MR SPEAKER: Order! The member’s time has expired.

MR MULCAHY (Molonglo) (11.01): I speak in support of my colleague’s motion. I am amazed to have been afforded that opportunity on this occasion by various Labor members—Mr Gentleman and Ms MacDonald, in particular—who have been strident on this issue when in the clutches of factional politics but profoundly silent on this motion. Indeed, I hoped, Mr Speaker, that you may have given us the benefit of your views on this matter. I know you hold passionately the importance of education in your electorate, and would understand the critical role we play here in protecting the interests of those who elect us, rather than be bound by policies possibly dictated from the top. Whilst this debate is moving towards a finish, and the opportunities are reducing, I still would love to hear what government members have to say in relation to this motion which should be familiar to so many of them.

In addressing the need to extend the consultation and decision period on school closures until the end of March 2007, the government’s Towards 2020 proposal, and the underlying basis for it, must be reconsidered. As a member for the Molonglo electorate, the need to extend the consultation process, and particularly delay the closure of schools until at least December 2007, is particularly evident to me. All of the schools in the Molonglo electorate, indeed the electorate I share with Mr Barr, that have been ear-marked for closure—Curtin South preschool, Melrose and Chifley preschools, Rivett primary and preschool, Weston Creek primary and Weston preschool—are scheduled to be closed at the end of this year. Obviously the imminent closure of these schools is the most pressing issue.

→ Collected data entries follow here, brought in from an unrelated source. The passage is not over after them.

lemma Lp_SUP_bound:
  assumes \<Omega>: "\<Omega> \<in> sets lebesgue" and p: "p > 0"
    and g: "\<And>k. g k \<in> borel_measurable (lebesgue_on \<Omega>)" "\<And>k x. 0 \<le> g k x"
    and summable: "(\<Sum>k. Lp_int \<Omega> p (g k)) < \<infinity>"
  obtains G where "G \<in> Lp \<Omega> p" "AE x in lebesgue. x \<in> \<Omega> \<longrightarrow> (\<forall>k. g k x \<le> G x)"
proof -
  define S where "S x = (\<Sum>k. ennreal (\<bar>indicator \<Omega> x * g k x\<bar> powr p))" for x
  define G where "G x = enn2real (SUP k. ennreal (g k x))" for x
  have mS: "S \<in> borel_measurable lebesgue"
    unfolding S_def by (rule borel_measurable_suminf_order borel_measurable_Lp_integrand[OF \<Omega> g(1)])+
  have S_integral: "(\<integral>\<^sup>+ x. S x \<partial>lebesgue) = (\<Sum>k. Lp_int \<Omega> p (g k))"
    unfolding S_def Lp_int_eq_indicator_mult
    by (rule nn_integral_suminf) (rule borel_measurable_Lp_integrand[OF \<Omega> g(1)])
  with summable have AE_fin: "AE x in lebesgue. S x < \<infinity>"
    using nn_integral_PInf_AE[OF mS] by (auto simp: top.not_eq_extremum)
  have S_eq: "S x = (\<Sum>k. ennreal (g k x powr p))" if "x \<in> \<Omega>" for x
    using that g(2) by (simp add: S_def)
  have G_upper: "AE x in lebesgue. x \<in> \<Omega> \<longrightarrow> (\<forall>k. g k x \<le> G x)"
    using AE_fin
  proof eventually_elim
    case (elim x)
    show ?case
    proof (intro impI allI)
      fix k assume "x \<in> \<Omega>"
      with elim have "(\<Sum>k. ennreal (g k x powr p)) < \<infinity>" by (simp add: S_eq)
      from SUP_powr_le_suminf(1)[of "\<lambda>k. g k x", OF g(2) p this] show "g k x \<le> G x"
        by (simp only: G_def)
    qed
  qed
  have "Lp_int \<Omega> p G \<le> (\<integral>\<^sup>+ x. S x \<partial>lebesgue)"
    unfolding Lp_int_def
  proof (intro nn_integral_mono_AE)
    show "AE x in lebesgue. ennreal (indicator \<Omega> x * \<bar>G x\<bar> powr p) \<le> S x"
      using AE_fin
    proof eventually_elim
      case (elim x)
      show ?case
      proof (cases "x \<in> \<Omega>")
        case True
        with elim have "(\<Sum>k. ennreal (g k x powr p)) < \<infinity>" by (simp add: S_eq)
        from SUP_powr_le_suminf(2)[of "\<lambda>k. g k x", OF g(2) p this] show ?thesis
          using True g(2) by (simp add: S_eq G_def)
      qed simp
    qed
  qed
  moreover have "G \<in> borel_measurable (lebesgue_on \<Omega>)"
    unfolding G_def
    by (intro borel_measurable_enn2real borel_measurable_SUP measurable_compose[OF g(1) measurable_ennreal])
      simp_all
  ultimately have "G \<in> Lp \<Omega> p"
    using summable S_integral unfolding Lp_def by auto
  with G_upper show ?thesis by (intro that)
qed
lemma dnorm2_diff:
  "dnorm2 m \<xi> (\<lambda>x. f x - h x) = dnorm2 m \<xi> f - 2 * Re (dinner m \<xi> f h) + dnorm2 m \<xi> h"
proof -
  have cmod_diff: "(cmod (x - y))\<^sup>2 = (cmod x)\<^sup>2 - 2 * Re (x * cnj y) + (cmod y)\<^sup>2" for x y :: complex
    unfolding cmod_power2 by (simp add: power2_eq_square algebra_simps)
  have "(\<Sum>j\<in>{1..m}. (cmod (f (\<xi> j) - h (\<xi> j)))\<^sup>2) =
     (\<Sum>j\<in>{1..m}. (cmod (f (\<xi> j)))\<^sup>2) - 2 * (\<Sum>j\<in>{1..m}. Re (f (\<xi> j) * cnj (h (\<xi> j))))
       + (\<Sum>j\<in>{1..m}. (cmod (h (\<xi> j)))\<^sup>2)"
    by (simp add: cmod_diff sum.distrib sum_subtractf sum_distrib_left)
  moreover have "Re (dinner m \<xi> f h) = (\<Sum>j\<in>{1..m}. Re (f (\<xi> j) * cnj (h (\<xi> j)))) / real m"
    unfolding dinner_def by simp
  ultimately show ?thesis
    unfolding dnorm2_def by (simp add: diff_divide_distrib add_divide_distrib)
qed

lemma dnorm2_scale: "dnorm2 m \<xi> (\<lambda>x. c * h x) = (cmod c)\<^sup>2 * dnorm2 m \<xi> h"
  unfolding dnorm2_def by (simp add: norm_mult power_mult_distrib sum_distrib_left)

lemma dinner_scale_right: "dinner m \<xi> f (\<lambda>x. c * h x) = cnj c * dinner m \<xi> f h"
  unfolding dinner_def by (simp add: sum_distrib_left mult_ac)

lemma dinner_lincomb_right:
  "dinner m \<xi> f (lincomb \<phi> J \<beta>) = (\<Sum>j\<in>J. cnj (\<beta> j) * dinner m \<xi> f (\<phi> j))"
  unfolding dinner_def lincomb_def
  by (simp add: sum_divide_distrib sum_distrib_left sum_distrib_right mult.commute mult.left_commute
      flip: sum.swap[of _ J])

lemma dinner_lincomb_eq_0:
  assumes "\<And>j. j \<in> J \<Longrightarrow> dinner m \<xi> f (\<phi> j) = 0"
  shows "dinner m \<xi> f (lincomb \<phi> J \<beta>) = 0"
  using assms by (simp add: dinner_lincomb_right)

lemma dnorm_triangle: "dnorm m \<xi> (\<lambda>x. f x + h x) \<le> dnorm m \<xi> f + dnorm m \<xi> h"
proof -
  have L2: "dnorm m \<xi> q = L2_set (\<lambda>j. cmod (q (\<xi> j))) {1..m} / sqrt (real m)" for q
    unfolding dnorm_def L2_set_def by (simp add: real_sqrt_divide)
  have "L2_set (\<lambda>j. cmod (f (\<xi> j) + h (\<xi> j))) {1..m}
     \<le> L2_set (\<lambda>j. cmod (f (\<xi> j)) + cmod (h (\<xi> j))) {1..m}"
    by (intro L2_set_mono norm_triangle_ineq) auto
  also have "\<dots> \<le> L2_set (\<lambda>j. cmod (f (\<xi> j))) {1..m} + L2_set (\<lambda>j. cmod (h (\<xi> j))) {1..m}"
    by (rule L2_set_triangle_ineq)
  finally have "L2_set (\<lambda>j. cmod (f (\<xi> j) + h (\<xi> j))) {1..m} / sqrt (real m)
     \<le> (L2_set (\<lambda>j. cmod (f (\<xi> j))) {1..m} + L2_set (\<lambda>j. cmod (h (\<xi> j))) {1..m}) / sqrt (real m)"
    by (rule divide_right_mono) simp
  then show ?thesis
    unfolding L2 by (simp add: add_divide_distrib)
qed

lemma dnorm_triangle_diff: "dnorm m \<xi> (\<lambda>x. f x - h x) \<le> dnorm m \<xi> f + dnorm m \<xi> h"
proof -
  have "dnorm m \<xi> (\<lambda>x. - h x) = dnorm m \<xi> h"
    unfolding dnorm_def by simp
  with dnorm_triangle[of m \<xi> f "\<lambda>x. - h x"] show ?thesis
    by simp
qed

lemma power2_sum_le: "(x + y)\<^sup>2 \<le> 2 * x\<^sup>2 + 2 * (y::real)\<^sup>2"
  using sum_squares_bound[of x y] by (simp add: power2_eq_square algebra_simps)

lemma dnorm2_add_le: "dnorm2 m \<xi> (\<lambda>x. f x + h x) \<le> 2 * dnorm2 m \<xi> f + 2 * dnorm2 m \<xi> h"
proof -
  have "dnorm2 m \<xi> (\<lambda>x. f x + h x) \<le> (dnorm m \<xi> f + dnorm m \<xi> h)\<^sup>2"
    unfolding power2_dnorm[symmetric] by (intro power_mono dnorm_triangle dnorm_nonneg)
  also have "\<dots> \<le> 2 * dnorm2 m \<xi> f + 2 * dnorm2 m \<xi> h"
    using power2_sum_le[of "dnorm m \<xi> f" "dnorm m \<xi> h"] by (simp add: power2_dnorm)
  finally show ?thesis .
qed

lemma dnorm2_diff_le: "dnorm2 m \<xi> (\<lambda>x. f x - h x) \<le> 2 * dnorm2 m \<xi> f + 2 * dnorm2 m \<xi> h"
  using dnorm2_add_le[of m \<xi> f "\<lambda>x. - h x"] by (simp add: dnorm2_def)

lemma lincomb_extend_zero:
  assumes "finite A" "J \<subseteq> A"
  shows "lincomb \<phi> J \<beta> = lincomb \<phi> A (\<lambda>j. if j \<in> J then \<beta> j else 0)"
  unfolding lincomb_def using assms by (intro ext sum.mono_neutral_cong_left) auto

lemma lincomb_diff: "lincomb \<phi> A \<beta>1 x - lincomb \<phi> A \<beta>2 x = lincomb \<phi> A (\<lambda>j. \<beta>1 j - \<beta>2 j) x"
  unfolding lincomb_def by (simp add: sum_subtractf ring_distribs)

lemma lincomb_add: "lincomb \<phi> A \<beta>1 x + lincomb \<phi> A \<beta>2 x = lincomb \<phi> A (\<lambda>j. \<beta>1 j + \<beta>2 j) x"
  unfolding lincomb_def by (simp add: sum.distrib ring_distribs)

lemma lincomb_union:
  assumes "finite A" "finite B" "A \<inter> B = {}"
  shows "lincomb \<phi> (A \<union> B) \<beta> x = lincomb \<phi> A \<beta> x + lincomb \<phi> B \<beta> x"
  unfolding lincomb_def using assms by (simp add: sum.union_disjoint)

lemma lincomb_in_Sigma_terms:
  assumes "J \<subseteq> {1..N}" "card J = v"
  shows "lincomb \<phi> J \<beta> \<in> Sigma_terms \<phi> N v"
  unfolding Sigma_terms_def lincomb_def using assms by blast

lemma Sigma_termsE:
  assumes "h \<in> Sigma_terms \<phi> N v"
  obtains J \<beta> where "J \<subseteq> {1..N}" "card J = v" "h = lincomb \<phi> J \<beta>"
  using assms unfolding Sigma_terms_def lincomb_def by blast

lemma continuous_on_lincomb:
  assumes "\<And>j. j \<in> J \<Longrightarrow> continuous_on \<Omega> (\<phi> j)"
  shows "continuous_on \<Omega> (lincomb \<phi> J \<beta>)"
  unfolding lincomb_def using assms by (intro continuous_intros) auto

section \<open>Capturing the support of a competitor\<close>

lemma obtain_sorted_enumeration:
  fixes w :: "nat \<Rightarrow> real"
  assumes "finite R"
  obtains e where "bij_betw e {..<card R} R"
    and "\<And>i j. i \<le> j \<Longrightarrow> j < card R \<Longrightarrow> w (e j) \<le> w (e i)"
proof -
  define xs where "xs = sort_key (\<lambda>j. - w j) (sorted_list_of_set R)"
  have xs: "distinct xs" "set xs = R" "length xs = card R"
    using assms by (auto simp: xs_def)
  have sorted: "sorted (map (\<lambda>j. - w j) xs)"
    unfolding xs_def by simp
  show ?thesis
  proof
    show "bij_betw ((!) xs) {..<card R} R"
      using xs by (intro bij_betw_nth) auto
    show "w (xs ! j) \<le> w (xs ! i)" if "i \<le> j" "j < card R" for i j
      using sorted_nth_mono[OF sorted that(1)] that xs(3) by simp
  qed
qed

lemma sum_enumeration_tail:
  fixes s0 :: nat
  assumes e: "bij_betw e {..<s0} R"
  shows "(\<Sum>j\<in>R - e ` {..<min i s0}. w j) = (\<Sum>q\<in>{i..<s0}. w (e q))"
proof -
  have inj: "inj_on e {..<s0}"
    using e by (rule bij_betw_imp_inj_on)
  have "R - e ` {..<min i s0} = e ` {..<s0} - e ` {..<min i s0}"
    using e by (simp add: bij_betw_def)
  also have "\<dots> = e ` ({..<s0} - {..<min i s0})"
    using inj by (intro inj_on_image_set_diff[symmetric]) auto
  also have "{..<s0} - {..<min i s0} = {i..<s0}"
    by auto
  finally have "R - e ` {..<min i s0} = e ` {i..<s0}" .
  moreover have "inj_on e {i..<s0}"
    using inj by (rule inj_on_subset) auto
  ultimately show ?thesis
    by (simp add: sum.reindex)
qed

lemma first_sharp_drop:
  fixes f :: "nat \<Rightarrow> real"
  assumes nonneg: "\<And>i. 0 \<le> f i" and pos: "0 < f 0" and vanish: "f n = 0" and \<epsilon>: "0 < \<epsilon>"
  obtains I where "1 \<le> I" "f I < \<epsilon> * f (I - 1)" "0 < f (I - 1)"
    and "\<And>i. 1 \<le> i \<Longrightarrow> i < I \<Longrightarrow> \<epsilon> * f (i - 1) \<le> f i"
proof -
  let ?drop = "\<lambda>i. 1 \<le> i \<and> f i < \<epsilon> * f (i - 1)"
  have "\<exists>i. ?drop i"
  proof (rule ccontr)
    assume none: "\<nexists>i. ?drop i"
    have step: "\<epsilon> * f i \<le> f (Suc i)" for i
    proof -
      have "\<not> ?drop (Suc i)"
        using none by blast
      then show ?thesis
        by simp
    qed
    have geometric: "\<epsilon> ^ i * f 0 \<le> f i" for i
    proof (induction i)
      case (Suc i)
      then have "\<epsilon> ^ Suc i * f 0 \<le> \<epsilon> * f i"
        using \<epsilon> by (simp add: mult.assoc)
      then show ?case
        using step[of i] by simp
    qed simp
    have "0 < \<epsilon> ^ n * f 0"
      using \<epsilon> pos by simp
    then show False
      using geometric[of n] vanish by simp
  qed
  then obtain i0 where "?drop i0"
    by blast
  define I where "I = (LEAST i. ?drop i)"
  have least: "?drop I"
    unfolding I_def by (rule LeastI) fact
  have "\<epsilon> * f (i - 1) \<le> f i" if "1 \<le> i" "i < I" for i
    using not_less_Least[OF that(2)[unfolded I_def]] that(1) by simp
  moreover have "0 < \<epsilon> * f (I - 1)"
    using least nonneg[of I] by linarith
  then have "0 < f (I - 1)"
    using \<epsilon> by (simp add: zero_less_mult_iff)
  ultimately show ?thesis
    using that[of I] least by blast
qed

lemma stage_recursion_bound:
  fixes X f :: "nat \<Rightarrow> real"
  assumes ab: "0 < a" "a \<le> b" and \<sigma>: "0 \<le> \<sigma>" and f: "\<And>i. 0 \<le> f i" and I: "1 \<le> I"
    and start: "X 0 \<le> 2 * \<sigma> + 2 * b * f 0"
    and stage: "\<And>i. i < I \<Longrightarrow> X (Suc i) \<le> 2 * \<sigma> + 2 * b * f (Suc i) + a / (64 * b) * X i"
    and slow: "\<And>i. 1 \<le> i \<Longrightarrow> i < I \<Longrightarrow> a / (32 * b) * f (i - 1) \<le> f i"
    and sharp: "f I < a / (32 * b) * f (I - 1)"
  shows "X I \<le> 4 * \<sigma> + a / 8 * f (I - 1)"
proof -
  have b: "0 < b"
    using ab by simp
  have \<theta>: "0 \<le> a / (64 * b)"
    using ab b by simp
  have next_stage: "X (Suc i) \<le> 3 * \<sigma> + 2 * b * f (Suc i) + a / 16 * f i"
    if "i < I" "X i \<le> 4 * \<sigma> + 4 * b * f i" for i
  proof -
    have "a / (64 * b) * X i \<le> a / (64 * b) * (4 * \<sigma> + 4 * b * f i)"
      using that(2) \<theta> by (rule mult_left_mono)
    also have "\<dots> = a / (16 * b) * \<sigma> + a / 16 * f i"
      using b by (simp add: field_simps)
    also have "a / (16 * b) * \<sigma> \<le> 1 * \<sigma>"
      using ab \<sigma> by (intro mult_right_mono) auto
    finally show ?thesis
      using stage[OF that(1)] by simp
  qed
  have invariant: "X i \<le> 4 * \<sigma> + 4 * b * f i" if "i \<le> I - 1" for i
    using that
  proof (induction i)
    case 0
    have "0 \<le> b * f 0"
      using b f by simp
    then show ?case
      using start \<sigma> by simp
  next
    case (Suc i)
    have "a / 16 * f i \<le> 2 * b * f (Suc i)"
      using slow[of "Suc i"] Suc.prems b by (simp add: field_simps)
    moreover have "i < I" "i \<le> I - 1"
      using Suc.prems by auto
    ultimately show ?case
      using next_stage[of i] Suc.IH \<sigma> by linarith
  qed
  have "2 * b * f I \<le> a / 16 * f (I - 1)"
    using sharp b by (simp add: field_simps)
  then show ?thesis
    using next_stage[of "I - 1"] invariant[of "I - 1"] I \<sigma> by simp
qed

lemma tail_block_bound:
  fixes f :: "nat \<Rightarrow> real"
  assumes "l \<le> l'" "l < s0" and anti: "\<And>q. l \<le> q \<Longrightarrow> q < s0 \<Longrightarrow> f q \<le> f l" and nn: "0 \<le> f l"
  shows "(\<Sum>q\<in>{l..<s0}. f q) - (\<Sum>q\<in>{l'..<s0}. f q) \<le> real (l' - l) * f l"
proof -
  define r where "r = min l' s0"
  have "{l..<s0} = {l..<r} \<union> {r..<s0}"
    using assms unfolding r_def by auto
  then have "(\<Sum>q\<in>{l..<s0}. f q) = (\<Sum>q\<in>{l..<r}. f q) + (\<Sum>q\<in>{r..<s0}. f q)"
    by (simp add: sum.union_disjoint ivl_disj_int)
  moreover have "(\<Sum>q\<in>{r..<s0}. f q) = (\<Sum>q\<in>{l'..<s0}. f q)"
    unfolding r_def by (cases "l' \<le> s0") auto
  moreover have "(\<Sum>q\<in>{l..<r}. f q) \<le> real (r - l) * f l"
    using anti sum_mono[of "{l..<r}" f "\<lambda>_. f l"] unfolding r_def by auto
  moreover have "real (r - l) * f l \<le> real (l' - l) * f l"
    using nn unfolding r_def by (intro mult_right_mono) auto
  ultimately show ?thesis
    by linarith
qed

Mr Barr: Two of those are not in your electorate, but never mind.

MR MULCAHY: Well, if we want to split hairs about Chifley, okay, it is across the boundary of the electorate. But you will find that a large number of children from Molonglo are in that school, by virtue of the fact that the road is so close to the boundary of the electorate. So we can argue about semantics if you like. I am sure it will mean a lot to the parents to tell them that technically they are on one side or the other of Hindmarsh.